Proving the identity $P( X + Y = a)= \int_{-\infty}^{\infty} P( X + y = a)f_Y(y) \, \text{d}y $ Suppose $\lambda_1, \lambda_2, a \in \mathbb{R}$ and $X,Y$ are random variables. If it is needed, I can assume that $X$ and $Y$ are independent. I want to show, that the identity
$$\mathbb{P}(\lambda_1 X + \lambda_2 Y = a)= \int_{-\infty}^{\infty} \mathbb{P}(\lambda_1 X + \lambda_2 y = a)f_Y(y) \, \text{d}y $$
does hold, where $f_Y$ denotes the density function of $Y$.
The idea behind this identity is that it is very useful, when the density $f_Y$ is given and we know something about the probability $\mathbb{P}(\lambda_1 X + \lambda_2 y = a)$. 
Now I want to prove this statement. I tried to use the substitution formula
$$\mathbb{E}[g(X)]= \int_{\Omega}g(X(\omega)) \, \text{d} \mathbb{P}(\omega) = \int_{\mathbb{R}} g(x) \, \text{d}P_X(x) = \int_{-\infty}^{\infty} g(x) f_X(x) \, \text{d}x, $$
where $g: \mathbb{R} \rightarrow \mathbb{R}$ is measurable and calculated the following:
$$\mathbb{P}(\lambda_1 X + \lambda_2 Y = a)= \mathbb{E}[\mathbb{1}_{\lambda_1 X + \lambda_2 Y = a}]= \int_{\Omega}\mathbb{1}_{\lambda_1 X + \lambda_2 Y = a}(\omega) \, \text{d} \mathbb{P}(\omega)= \int_{-\infty}^{\infty} ..?.. \, \text{d} P_{(X,Y)}(x,y),$$
but I do not know how to continue at this point.
 A: Use the Law of Iterated Expectation.
$$\begin{align}
\mathbb{P}(\lambda_1 X + \lambda_2 Y = a) & = \mathbb{E}[\mathbb{1}_{\lambda_1 X + \lambda_2 Y = a}]
\\[2ex] & = \Bbb E[\Bbb E[\mathbf 1_{\lambda_1 X + \lambda_2 Y = a}\mid Y]]
\\[2ex] & = \int_{\Bbb R}\Bbb E[\mathbb{1}_{\lambda_1 X + \lambda_2 Y = a}\mid Y](y) \, \text{d} \mathbb{P}_Y(y)
\\[2ex] & = \int_{-\infty}^{\infty} \Bbb P(\lambda_1X+\lambda_2 y=a\mid Y=y)\, f_Y(y) \, \mathrm{d} y
\end{align}$$
Note: only if X and Y are independent does this equal $\int_{-\infty}^{\infty} \Bbb P(\lambda_1X+\lambda_2 y=a) \,f_Y(y) \mathrm{d} y$
A: Since the original poster wasn't satified with a step in Grahm's answer I will add the following clarification of that step.

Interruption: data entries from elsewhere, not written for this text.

(* Let $n=2t$, and let $\varphi:\mathbb{F}_{2^t}\times\mathbb{F}_{2^t}\to\mathbb{F}_{2^n}$ be an $\mathbb{F}_2$-linear bijection. Let $Q(x)=\sum_{i=1}^{t-1}Tr_1^n(x^{2^i+1})+Tr_1^{t}(x^{2^{t}+1})$ on $\mathbb{F}_{2^n}$ and $\tilde Q=Q\circ\varphi$. Let $G(x,y)=Tr_1^t(xy)$ on $\mathbb{F}_{2^t}\times\mathbb{F}_{2^t}$, and suppose $\alpha_1,\alpha_2,\alpha_3,\alpha_4,\beta,\gamma\in\mathbb{F}_{2^t}$ and $c\in\mathbb{F}_2$ satisfy $\tilde Q(x,y)=G(\alpha_1x+\alpha_2,\alpha_3y+\alpha_4)+Tr_1^t(\beta x)+Tr_1^t(\gamma y)+c$ for all $x,y$. Let $\pi$ be a complete mapping polynomial over $\mathbb{F}_{2^t}$, $h$ any polynomial over $\mathbb{F}_{2^t}$, and $f(x,y)=Tr_1^t(x\pi(y))+Tr_1^t(h(y))$. Then $$F(x,y)=f(\alpha_1x+\alpha_2,\alpha_3y+\alpha_4)+G(\alpha_1x+\alpha_2,\alpha_3y+\alpha_4)+Tr_1^t(\beta x)+Tr_1^t(\gamma y)+c$$ is bent-negabent, in the sense that $F\circ\varphi^{-1}:\mathbb{F}_{2^n}\to\mathbb{F}_2$ is bent-negabent.
   Context: $Tr_1^m(z)=z+z^2+\dots+z^{2^{m-1}}$; $Tr=Tr_1^n$. A polynomial $\pi$ over $\mathbb{F}_{2^t}$ is a complete mapping polynomial if both $\pi(y)$ and $\pi(y)+y$ are permutations of $\mathbb{F}_{2^t}$. Fix a self-dual basis $\{\alpha_i'\}$ of $\mathbb{F}_{2^n}$ over $\mathbb{F}_2$ ($Tr(\alpha_i'\alpha_j')=\delta_{ij}$), identify $\mathbb{F}_{2^n}$ with $\mathbb{F}_2^n$ via coordinates, and let $wt(x)$ be the number of nonzero coordinates. For $g:\mathbb{F}_{2^n}\to\mathbb{F}_2$: $g$ is bent if $\left|\sum_x(-1)^{g(x)+Tr(\mu x)}\right|=2^{n/2}$ for all $\mu$; negabent if $\left|\sum_x(-1)^{g(x)+Tr(\mu x)}\mathrm{i}^{wt(x)}\right|=2^{n/2}$ for all $\mu$ ($\mathrm{i}=\sqrt{-1}$); bent-negabent if both. *)

theory Defs
  imports "HOL-Analysis.Analysis" "HOL-Library.Z2" "HOL-Computational_Algebra.Polynomial"
begin

definition tr :: "nat \<Rightarrow> 'a::field \<Rightarrow> 'a" where
  "tr m z = (\<Sum>i<m. z ^ (2 ^ i))"

text \<open>Identify an element of the prime field {0,1} of a field with an element of F_2.\<close>
definition to_bit :: "'a::field \<Rightarrow> bit" where
  "to_bit z = (if z = 0 then 0 else 1)"

definition chi :: "bit \<Rightarrow> complex" where
  "chi b = (if b = 0 then 1 else -1)"

definition self_dual_basis :: "nat \<Rightarrow> (nat \<Rightarrow> 'a::field) \<Rightarrow> bool" where
  "self_dual_basis n a \<longleftrightarrow>
     (\<forall>i<n. \<forall>j<n. tr n (a i * a j) = (if i = j then 1 else 0))"

text \<open>Hamming weight of the coordinate vector w.r.t. the self-dual basis;
  the i-th coordinate of x is Tr(a_i x).\<close>
definition wt :: "nat \<Rightarrow> (nat \<Rightarrow> 'a::field) \<Rightarrow> 'a \<Rightarrow> nat" where
  "wt n a x = card {i. i < n \<and> tr n (a i * x) \<noteq> 0}"

definition bent :: "nat \<Rightarrow> ('a::{field,finite} \<Rightarrow> bit) \<Rightarrow> bool" where
  "bent n g \<longleftrightarrow>
     (\<forall>\<mu>::'a. cmod (\<Sum>x\<in>UNIV. chi (g x + to_bit (tr n (\<mu> * x)))) = 2 powr (real n / 2))"

definition negabent :: "nat \<Rightarrow> (nat \<Rightarrow> 'a::{field,finite}) \<Rightarrow> ('a \<Rightarrow> bit) \<Rightarrow> bool" where
  "negabent n a g \<longleftrightarrow>
     (\<forall>\<mu>::'a. cmod (\<Sum>x\<in>UNIV. chi (g x + to_bit (tr n (\<mu> * x))) * \<i> ^ wt n a x)
               = 2 powr (real n / 2))"

definition bent_negabent :: "nat \<Rightarrow> (nat \<Rightarrow> 'a::{field,finite}) \<Rightarrow> ('a \<Rightarrow> bit) \<Rightarrow> bool" where
  "bent_negabent n a g \<longleftrightarrow> bent n g \<and> negabent n a g"

definition complete_mapping :: "'b::field poly \<Rightarrow> bool" where
  "complete_mapping p \<longleftrightarrow> bij (poly p) \<and> bij (\<lambda>y. poly p y + y)"

end

theory Submission
  imports Defs
begin

text \<open>Write \<open>e(u) = (-1) ^ Tr(u)\<close>. Both transforms of \<open>F \<circ> \<phi>\<inverse>\<close> reduce to
  Maiorana--McFarland sums \<open>\<Sum>x y. e((\<alpha>1 x + \<alpha>2) P(\<alpha>3 y + \<alpha>4)) e(H(\<alpha>3 y + \<alpha>4)) \<rho>(x, y)\<close>
  with \<open>\<rho>\<close> a \<open>\<plusminus>1\<close>-valued additive character; these equal \<open>\<plusminus>2 ^ t\<close> when \<open>P\<close> is a
  permutation and \<open>\<alpha>1 \<alpha>3 \<noteq> 0\<close>, because the sum over \<open>x\<close> kills all but one \<open>y\<close>.
  In the Walsh transform the quadratic part \<open>Q \<circ> \<phi>\<close> is absorbed into \<open>P = \<pi> + id\<close>.
  For the nega-Hadamard transform, in a self-dual basis \<open>\<i> ^ wt(z) (-1) ^ Q(z) (-\<i>) ^ Tr(z)\<close>
  is an additive character, as the polar forms of \<open>wt\<close>, \<open>Q\<close> and \<open>Tr\<close> cancel; so the
  transform is \<open>(1 + \<i>)/2 S1 + (1 - \<i>)/2 S2\<close> for two such sums with \<open>P = \<pi>\<close>, of modulus
  \<open>2 ^ t\<close>. Finally \<open>\<alpha>1 \<alpha>3 \<noteq> 0\<close> because \<open>Q\<close> is not affine.\<close>

section \<open>Finite fields of characteristic 2 and the trace\<close>

lemma finite_field_power_card:
  fixes x :: "'k::{field,finite}"
  shows "x ^ CARD('k) = x"
proof (cases "x = 0")
  case False
  have "x * (\<Prod>y\<in>UNIV-{0}. x * y) = x * x ^ (CARD('k) - 1) * \<Prod>(UNIV-{0::'k})"
    by (simp add: prod.distrib mult_ac)
  also have "x * x ^ (CARD('k) - 1) = x ^ Suc (CARD('k) - 1)"
    by (subst power_Suc) auto
  also have "Suc (CARD('k) - 1) = CARD('k)"
    using finite_UNIV_card_ge_0[where ?'a = 'k] by simp
  also have "(\<Prod>y\<in>UNIV-{0}. x * y) = (\<Prod>y\<in>UNIV-{0::'k}. y)"
    by (rule prod.reindex_bij_witness[of _ "\<lambda>y. y / x" "\<lambda>y. x * y"]) (use False in auto)
  finally show ?thesis
    by simp
qed (use finite_UNIV_card_ge_0[where ?'a = 'k] in auto)

lemma card_finite_field_ge_2: "CARD('k::{field,finite}) \<ge> 2"
  using card_mono[of UNIV "{0::'k, 1}"] by simp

How do we motivate that $\int P[\lambda_1X+ \lambda_2Y=a|Y=y]P_Y(dy) $ equals $\int P[\lambda_1X+\lambda_2y=a]P_Y(dy)$?

This follows from the following result which may be found on p.263 in Shiryaev's Probability 1 (2016)

If $X,Y $ are independent and $\phi $ is a $\mathcal B(R^2) $
  measurable function such that $E[|\phi(X,Y) |]<\infty $ then  $$\int E[\phi(X,Y)|Y=y]P_Y(dy)=\int E[\phi(X,y)]P_Y(dy)$$

We simply let $\phi(x,y)=1_{\{x+y=a\} }(x,y)$. Hope this helps!